Research Engineer (Inference)
Research Engineer (Inference)
About
Serving a multimodal agent model in production is a different problem to serving a standard LLM. Context length, tool calls, and computer-use workloads create constraints that require co-designing the inference stack with the model team - not just bolting on a serving framework after the fact.
This is a VC-backed challenger lab building state-of-the-art computer-use agents. The inference team owns the full stack from engine layer (vLLM, SGLang) through to serving architecture (disaggregated inference, intelligent routing).
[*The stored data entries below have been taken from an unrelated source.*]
definition row_only_syms :: "'s array \<Rightarrow> nat \<Rightarrow> 's set" where
  "row_only_syms A i = {s \<in> row_syms A i. \<forall>i' j'. i' < length A \<and> j' < length A \<and> A ! i' ! j' = s \<longrightarrow> i' = i}"

definition col_only_syms :: "'s array \<Rightarrow> nat \<Rightarrow> 's set" where
  "col_only_syms A j = {s \<in> col_syms A j. \<forall>i' j'. i' < length A \<and> j' < length A \<and> A ! i' ! j' = s \<longrightarrow> j' = j}"

definition admissible_class :: "'s array set \<Rightarrow> bool" where
  "admissible_class \<A> \<longleftrightarrow>
     (\<forall>A\<in>\<A>. square_array A) \<and>
     (\<forall>A\<in>\<A>. \<forall>i j. i < length A \<and> j < length A \<longrightarrow> del_rc A i j \<in> \<A>) \<and>
     (\<forall>A\<in>\<A>. \<forall>i j s. i < length A \<and> j < length A \<and> s \<notin> symbols A \<longrightarrow> set_cell A i j s \<in> \<A>)"

definition M_class :: "'s array set \<Rightarrow> real \<Rightarrow> 's array set" where
  "M_class \<A> \<alpha> = {A \<in> \<A>. transversal_free A \<and>
      real (card (symbols A)) \<ge> \<alpha> * real (length A ^ 2)}"

definition M_star :: "'s array set \<Rightarrow> real \<Rightarrow> 's array set" where
  "M_star \<A> \<alpha> = {A \<in> M_class \<A> \<alpha>.
      (\<forall>B\<in>M_class \<A> \<alpha>. length A \<le> length B) \<and>
      (\<forall>B\<in>M_class \<A> \<alpha>. length B = length A \<longrightarrow> card (symbols B) \<le> card (symbols A))}"

end

theory Submission
  imports Defs
begin
(* Let $d$ be even and let $A$ be a concave linear Nakayama algebra which is a higher Auslander algebra of global dimension $d$. Let $I$ be an indecomposable injective, non-projective $A$-module of length $m\ge2$. Then $\operatorname{pd}I=d$ and $I$ is plus-strictly-increasing; explicitly, $\operatorname{char}I=(d,c_2,\dots,c_m)$ with $c_2<c_3<\cdots<c_m<d$ odd numbers.
   Context: Conventions: $k$ a field; linear Nakayama algebras are basic $kQ/I$ with $Q$ a linearly oriented path; modules finitely generated left, indecomposables uniserial. Even/odd indecomposable: parity of $\operatorname{pd}$. For indecomposable $M$ with composition factors $F_1=\operatorname{soc}M,\dots,F_m=\operatorname{top}M$, $\operatorname{char}M=(z_1,\dots,z_m)$ with $z_i=\operatorname{pd}F_i$ if $F_i$ odd, $z_i=\operatorname{pd}M$ if $F_i$ even. Concave: Kupisch series weakly increasing then weakly decreasing. Higher Auslander algebra: global dimension = dominant dimension. An indecomposable module $Y$ is plus-strictly-increasing if $\operatorname{char}Y=(e,c_2,\dots,c_m)$ with $e$ even and $c_2<\cdots<c_m<e$ odd. *)

theory Defs
  imports Main "HOL-Library.Extended_Nat"
begin

text \<open>
Combinatorial model of a linear Nakayama algebra A = kQ/I, Q = 0 -> 1 -> ... -> n-1,
given by its Kupisch series c = [c_0, ..., c_(n-1)], c_i = length of P_i = A e_i.
An indecomposable (uniserial) module is encoded by a pair (i, l) with 0 < l <= c_i:
top S_i, composition factors S_i (top), S_(i+1), ..., S_(i+l-1) (socle).
A pair (i, 0) encodes the zero module.  Nothing depends on the field k.
\<close>

definition kupisch :: "nat list \<Rightarrow> bool" where
  "kupisch c \<longleftrightarrow> c \<noteq> [] \<and> last c = 1 \<and>
     (\<forall>i. i + 1 < length c \<longrightarrow> 2 \<le> c ! i \<and> c ! i \<le> c ! (i + 1) + 1)"

definition concave :: "nat list \<Rightarrow> bool" where
  "concave c \<longleftrightarrow> (\<exists>p < length c.
      (\<forall>i j. i \<le> j \<and> j \<le> p \<longrightarrow> c ! i \<le> c ! j) \<and>
      (\<forall>i j. p \<le> i \<and> i \<le> j \<and> j < length c \<longrightarrow> c ! j \<le> c ! i))"

definition indec :: "nat list \<Rightarrow> nat \<times> nat \<Rightarrow> bool" where
  "indec c M \<longleftrightarrow> fst M < length c \<and> 1 \<le> snd M \<and> snd M \<le> c ! fst M"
The team operates at the intersection of research and production - translating cutting-edge techniques directly into the systems behind live agent products.
What you'll do
- Build and operate the inference stack serving multimodal agentic models in production
- Improve latency, throughput, and cost across the serving stack
- Research and implement inference techniques tailored to agent workloads
- Co-design with the models team on training-time decisions that affect inference behaviour
- Evaluate inference frameworks and hardware platforms and feed findings back into roadmap decisions
- Stay current with advances in inference, model serving, and accelerator technology
What you'll need
- Strong software engineering fundamentals and a solid production track record
- Proficient in Python and at least one systems language - Rust, C++, or Go
- Hands-on experience with PyTorch or JAX in an industry setting
- Experience with inference frameworks: vLLM, SGLang, TensorRT-LLM
- Solid distributed systems fundamentals and experience operating production ML infrastructure
- Working knowledge of modern ML including transformers and multimodal architectures
Optional Bonus
- Research engagement: advanced degree with research output, top-tier publications (NeurIPS, ICML, MLSys, OSDI), or open-source contributions
- GPU kernel work - CUDA, Triton, or similar
- Experience with quantisation, speculative decoding, disaggregated inference, or KV-cache compression
Shortlisted candidates will be contacted within 48 hours.